A new piecewise inertial weight function that varies with iteration number, characterized by:
(1) In the initial stage of iteration, the particles are expected to have stronger global searching capability while converging to individual optimal and global optimal, so that in this stage, w is expected to change monotonically and incrementally along with the increment of the iteration times, and the increment trend of w is gradually reduced so as to ensure that the particles have stronger global searching capability in this stage;
(2) In the middle iteration stage, the particles are expected to have stronger development capability and higher convergence rate, so that in the stage, w is expected to change monotonically and progressively along with the increment of the iteration times, the descending trend of the w is gradually enhanced, and the convergence rate and the global searching capability of the particles in the stage are improved;
(3) At the end of iteration, the particles are expected to have stronger local searching capability while converging towards the global optimum, so that at the stage, w is expected to change monotonically along with the increment of the iteration times, the decreasing trend of w is firstly decreased and then increased, the stronger local searching capability is ensured at the initial stage of converging towards the global optimum at the stage, and the rapid fine convergence can be carried out at the later stage of converging towards the global optimum to improve the particle convergence rate.

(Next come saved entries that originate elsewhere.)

lemma quad_poly_dual_poly: "quad_poly c g = dual_poly [:g^2 / 2, c, 1:] 0"
proof -
  have "Polynomial.monom 1 2 + Polynomial.monom c 1 + Polynomial.monom (g^2 / 2) 0 = [:g^2 / 2, c, 1:]"
    by (auto simp: poly_eq_iff coeff_pCons coeff_monom numeral_2_eq_2 split: nat.split)
  then show ?thesis
    by (simp add: quad_poly_def cmonom_def monom_dual_poly add_dual_poly)
qed

text \<open>The kernel of the identification R[x] / (A - b u) \<cong> F[x] / (A^2), f + u g \<mapsto> f + A g / b.\<close>
lemma dual_poly_in_PIdl_iff:
  fixes A f g :: "'a::field poly"
  assumes "b \<noteq> 0"
  shows "dual_poly f g \<in> PIdl\<^bsub>Rx\<^esub> (dual_poly A (- [:b:]))
           \<longleftrightarrow> A\<^sup>2 dvd f + smult (inverse b) (A * g)"
proof
  assume "dual_poly f g \<in> PIdl\<^bsub>Rx\<^esub> (dual_poly A (- [:b:]))"
  then obtain h where h: "h \<in> carrier Rx" and fg: "dual_poly f g = h \<otimes>\<^bsub>Rx\<^esub> dual_poly A (- [:b:])"
    unfolding cgenideal_def by blast
  obtain h0 h1 where "h = dual_poly h0 h1"
    using h by (rule carrier_Rx_dual_poly)
  with fg have f: "f = h0 * A" and g: "g = h1 * A - smult b h0"
    by (simp_all add: mult_dual_poly dual_poly_eq_iff)
  have "f + smult (inverse b) (A * g) = A\<^sup>2 * smult (inverse b) h1"
    unfolding f g using assms by (simp add: algebra_simps smult_diff_right power2_eq_square)
  then show "A\<^sup>2 dvd f + smult (inverse b) (A * g)"
    by (metis dvd_triv_left)
next
  assume "A\<^sup>2 dvd f + smult (inverse b) (A * g)"
  then obtain k where k: "f + smult (inverse b) (A * g) = A\<^sup>2 * k"
    by (auto elim: dvdE)
  define h0 where "h0 = A * k - smult (inverse b) g"
  have "f = h0 * A" "g = smult b k * A - smult b h0"
    using k assms by (simp_all add: h0_def algebra_simps smult_diff_right power2_eq_square eq_diff_eq)
  then have "dual_poly f g = dual_poly h0 (smult b k) \<otimes>\<^bsub>Rx\<^esub> dual_poly A (- [:b:])"
    by (simp add: mult_dual_poly dual_poly_eq_iff)
  then show "dual_poly f g \<in> PIdl\<^bsub>Rx\<^esub> (dual_poly A (- [:b:]))"
    unfolding cgenideal_def using dual_poly_carrier by blast
qed

lemma rcos_dual_poly_eq_iff:
  fixes A f g f' g' :: "'a::field poly"
  assumes "b \<noteq> 0"
  defines "I \<equiv> PIdl\<^bsub>Rx\<^esub> (dual_poly A (- [:b:]))"
  shows "I +>\<^bsub>Rx\<^esub> dual_poly f g = I +>\<^bsub>Rx\<^esub> dual_poly f' g'
           \<longleftrightarrow> A\<^sup>2 dvd (f - f') + smult (inverse b) (A * (g - g'))"
proof -
  interpret Rx: cring Rx
    by (rule cring_Rx)
  have "ideal I Rx"
    unfolding I_def by (rule Rx.cgenideal_ideal[OF dual_poly_carrier])
  from Rx.quotient_eq_iff_same_a_r_cos[OF this dual_poly_carrier dual_poly_carrier]
  have "dual_poly (f - f') (g - g') \<in> I
          \<longleftrightarrow> I +>\<^bsub>Rx\<^esub> dual_poly f g = I +>\<^bsub>Rx\<^esub> dual_poly f' g'"
    by (simp only: minus_dual_poly)
  then show ?thesis
    unfolding I_def dual_poly_in_PIdl_iff[OF assms(1)] by blast
qed

lemma (in cring) genideal_rcos_quotient:
  assumes "ideal I R" and "a \<in> carrier R"
  shows "Idl\<^bsub>R Quot I\<^esub> {I +> a} = (\<lambda>h. I +> (h \<otimes> a)) ` carrier R"
proof -
  interpret I: ideal I R
    by (rule assms(1))
  have hom: "(+>) I \<in> ring_hom R (R Quot I)"
    by (rule I.rcos_ring_hom)
  have "Idl\<^bsub>R Quot I\<^esub> {I +> a} = PIdl\<^bsub>R Quot I\<^esub> (I +> a)"
    using ring_hom_closed[OF hom assms(2)]
    by (rule cring.cgenideal_eq_genideal[OF I.quotient_is_cring[OF is_cring], symmetric])
  also have "\<dots> = (\<lambda>h. I +> (h \<otimes> a)) ` carrier R"
    using ring_hom_mult[OF hom _ assms(2)]
    by (auto simp: cgenideal_def FactRing_def A_RCOSETS_def')
  finally show ?thesis .
qed

definition polys_below :: "nat \<Rightarrow> 'a::zero poly set" where
  "polys_below K = {c. \<forall>n\<ge>K. coeff c n = 0}"

lemma card_polys_below: "card (polys_below K :: 'a::{finite,zero} poly set) = card (UNIV :: 'a set) ^ K"
proof -
  have "bij_betw (\<lambda>c. map (coeff c) [0..<K]) (polys_below K :: 'a poly set) {xs. set xs \<subseteq> UNIV \<and> length xs = K}"
  proof (rule bij_betw_byWitness[where f' = Poly])
    show "\<forall>c\<in>polys_below K. Poly (map (coeff c) [0..<K]) = c"
      by (auto simp: polys_below_def poly_eq_iff nth_default_def not_le)
    show "\<forall>xs\<in>{xs. set xs \<subseteq> UNIV \<and> length xs = K}. map (coeff (Poly xs)) [0..<K] = xs"
      by (auto simp: nth_default_def intro: nth_equalityI)
    show "Poly ` {xs. set xs \<subseteq> UNIV \<and> length xs = K} \<subseteq> polys_below K"
      by (auto simp: polys_below_def nth_default_def)
  qed auto
  from bij_betw_same_card[OF this] show ?thesis
    using card_lists_length_eq[of "UNIV :: 'a set" K] by simp
qed

lemma mod_in_polys_below:
  fixes a q :: "'a::field poly"
  assumes "q \<noteq> 0"
  shows "a mod q \<in> polys_below (degree q)"
  using degree_mod_less'[OF assms, of a]
  by (cases "a mod q = 0") (auto simp: polys_below_def intro!: coeff_eq_0 dest: less_le_trans)

lemma polys_below_dvd_imp_eq:
  fixes c c' q :: "'a::field poly"
  assumes "c \<in> polys_below (degree q)" and "c' \<in> polys_below (degree q)" and "q dvd c - c'"
  shows "c = c'"
proof (rule ccontr)
  assume "c \<noteq> c'"
  have "\<forall>n\<ge>degree q. coeff (c - c') n = 0"
    using assms(1,2) by (simp add: polys_below_def)
  then have "degree (c - c') < degree q"
    using \<open>c \<noteq> c'\<close> by (metis leading_coeff_0_iff not_less right_minus_eq)
  then show False
    using dvd_imp_degree_le[OF assms(3)] \<open>c \<noteq> c'\<close> by simp
qed

lemma card_Idl_quotient_dual:
  fixes A w q :: "'a::{finite,field} poly"
  assumes wq: "w * q = A\<^sup>2" and "A \<noteq> 0" and "b \<noteq> 0"
  defines "I \<equiv> PIdl\<^bsub>Rx\<^esub> (dual_poly A (- [:b:]))"
  shows "card (Idl\<^bsub>Rx Quot I\<^esub> {I +>\<^bsub>Rx\<^esub> dual_poly w 0}) = card (UNIV :: 'a set) ^ degree q"
proof -
  interpret Rx: cring Rx
    by (rule cring_Rx)
  have I: "ideal I Rx"
    unfolding I_def by (rule Rx.cgenideal_ideal[OF dual_poly_carrier])
  have "w \<noteq> 0" and "q \<noteq> 0"
    using wq \<open>A \<noteq> 0\<close> by auto
  define cls where "cls c = I +>\<^bsub>Rx\<^esub> dual_poly (c * w) 0" for c
  have cls_eq_iff: "cls c = cls c' \<longleftrightarrow> q dvd c - c'" for c c'
    unfolding cls_def I_def rcos_dual_poly_eq_iff[OF \<open>b \<noteq> 0\<close>]
    using \<open>w \<noteq> 0\<close> by (simp add: mult.commute[of w] flip: wq left_diff_distrib)
  have reduce: "I +>\<^bsub>Rx\<^esub> (dual_poly h0 h1 \<otimes>\<^bsub>Rx\<^esub> dual_poly w 0)
                  = cls ((h0 + smult (inverse b) (A * h1)) mod q)" for h0 h1
  proof -
    define e where "e = h0 + smult (inverse b) (A * h1)"
    have "h0 * w - e mod q * w + smult (inverse b) (A * (h1 * w)) = w * (e - e mod q)"
      by (simp add: e_def algebra_simps)
    also have "\<dots> = A\<^sup>2 * (e div q)"
      by (simp add: wq[symmetric] minus_mod_eq_mult_div algebra_simps)
    finally show ?thesis
      unfolding cls_def I_def mult_dual_poly rcos_dual_poly_eq_iff[OF \<open>b \<noteq> 0\<close>] e_def
      by (simp only: mult_zero_right add_0 diff_zero) (metis dvd_triv_left)
  qed
  have "Idl\<^bsub>Rx Quot I\<^esub> {I +>\<^bsub>Rx\<^esub> dual_poly w 0}
          = (\<lambda>h. I +>\<^bsub>Rx\<^esub> (h \<otimes>\<^bsub>Rx\<^esub> dual_poly w 0)) ` carrier Rx"
    by (rule Rx.genideal_rcos_quotient[OF I dual_poly_carrier])
  also have "\<dots> = cls ` polys_below (degree q)"
  proof (rule subset_antisym)
    show "(\<lambda>h. I +>\<^bsub>Rx\<^esub> (h \<otimes>\<^bsub>Rx\<^esub> dual_poly w 0)) ` carrier Rx \<subseteq> cls ` polys_below (degree q)"
    proof (rule image_subsetI)
      fix h :: "nat \<Rightarrow> 'a \<times> 'a"
      assume "h \<in> carrier Rx"
      then obtain h0 h1 where "h = dual_poly h0 h1"
        by (rule carrier_Rx_dual_poly)
      then show "I +>\<^bsub>Rx\<^esub> (h \<otimes>\<^bsub>Rx\<^esub> dual_poly w 0) \<in> cls ` polys_below (degree q)"
        using reduce mod_in_polys_below[OF \<open>q \<noteq> 0\<close>] by simp
    qed
    have "cls c = I +>\<^bsub>Rx\<^esub> (dual_poly c 0 \<otimes>\<^bsub>Rx\<^esub> dual_poly w 0)" for c
      by (simp add: cls_def mult_dual_poly)
    then show "cls ` polys_below (degree q) \<subseteq> (\<lambda>h. I +>\<^bsub>Rx\<^esub> (h \<otimes>\<^bsub>Rx\<^esub> dual_poly w 0)) ` carrier Rx"
      using dual_poly_carrier by blast
  qed
  finally have "Idl\<^bsub>Rx Quot I\<^esub> {I +>\<^bsub>Rx\<^esub> dual_poly w 0} = cls ` polys_below (degree q)" .
  moreover have "inj_on cls (polys_below (degree q))"
    using polys_below_dvd_imp_eq by (auto simp: inj_on_def cls_eq_iff)
  ultimately show ?thesis
    by (simp add: card_image card_polys_below)
qed

lemma CHAR_eq_prime_if_card:
  assumes "Factorial_Ring.prime p" and "card (UNIV :: 'a::{finite,field} set) = p ^ m"
  shows "CHAR('a) = p"
proof -
  have "Factorial_Ring.prime CHAR('a)"
    by (rule prime_CHAR_semidom) (simp add: finite_imp_CHAR_pos)
  moreover have "CHAR('a) dvd p ^ m"
    using CHAR_dvd_CARD[where 'a = 'a] assms(2) by simp
  ultimately show ?thesis
    using assms(1) by (simp add: prime_dvd_power primes_dvd_imp_eq)
qed

lemma two_neq_zero_if_odd_CHAR:
  assumes "odd CHAR('a::field)"
  shows "(2::'a) \<noteq> 0"
proof
  assume "(2::'a) = 0"
  then have "CHAR('a) dvd 2"
    using of_nat_eq_0_iff_char_dvd[of 2, where 'a = 'a] by simp
  with assms have "CHAR('a) = 1"
    by (metis dvd_refl even_even_mod_4_iff nat_dvd_1_iff_1 prime_nat_iff two_is_prime_nat)
  then show False
    using of_nat_eq_0_iff_char_dvd[of 1, where 'a = 'a] by simp
qed

lemma monom_minus_const_power_CHAR:
  fixes a :: "'a::field"
  assumes "Factorial_Ring.prime CHAR('a)" and "odd CHAR('a)"
  shows "(Polynomial.monom 1 k - [:a:]) ^ (CHAR('a) ^ s)
           = Polynomial.monom 1 (k * CHAR('a) ^ s) - [:a ^ (CHAR('a) ^ s):]"
proof -
  have "(Polynomial.monom 1 k + - [:a:]) ^ (CHAR('a) ^ s)
          = Polynomial.monom 1 k ^ (CHAR('a) ^ s) + (- [:a:]) ^ (CHAR('a) ^ s)"
    by (rule freshmans_dream'[where n = s]) (simp_all add: assms(1))
  moreover have "Polynomial.monom (1::'a) k ^ (CHAR('a) ^ s) = Polynomial.monom 1 (k * CHAR('a) ^ s)"
    by (simp add: monom_power)
  moreover have "(- [:a:]) ^ (CHAR('a) ^ s) = - [:a ^ (CHAR('a) ^ s):]"
    using assms(2) by (simp add: poly_const_pow)
  ultimately show ?thesis
    by (simp only: diff_conv_add_uminus)
qed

As shown in fig. 5, fig. 5 is a flowchart of the algorithm combination of the present invention.
The traditional parameter selection strategy is characterized in that: the highest verification classification accuracy corresponding to the combination of a plurality of groups of penalty parameters c and kernel function parameters g is possible, and a group with the smallest penalty parameters in the highest verification classification accuracy is selected as the optimal parameters. In practice, different parameter combinations often correspond to different verification classification accuracy, parameter combinations with larger parameter values often correspond to higher verification classification accuracy, but an over-learning state can be caused by an over-high penalty function c, and a self-adaptive adjustment parameter selection strategy is provided for the problems.
An adaptive tuning parameter selection strategy comprising the following:
1) In the sixth step, the parameter combination output by the particle swarm algorithm is subjected to self-adaptive adjustment and parameter selection strategies to obtain a group of optimal parameter combination, and coarse grid search is performed. Wherein the fixed penalty parameter is the optimal penalty parameter c obtained by the particle swarm algorithm, and g is as follows 0 And (5) carrying out rough grid search with the step length of 2-5 on the kernel function in a certain range nearby. The search range is grid search by taking the kernel function parameter obtained by the particle swarm optimization as the center and taking 1/5 of the integral optimizing range of the kernel function parameter as the search space.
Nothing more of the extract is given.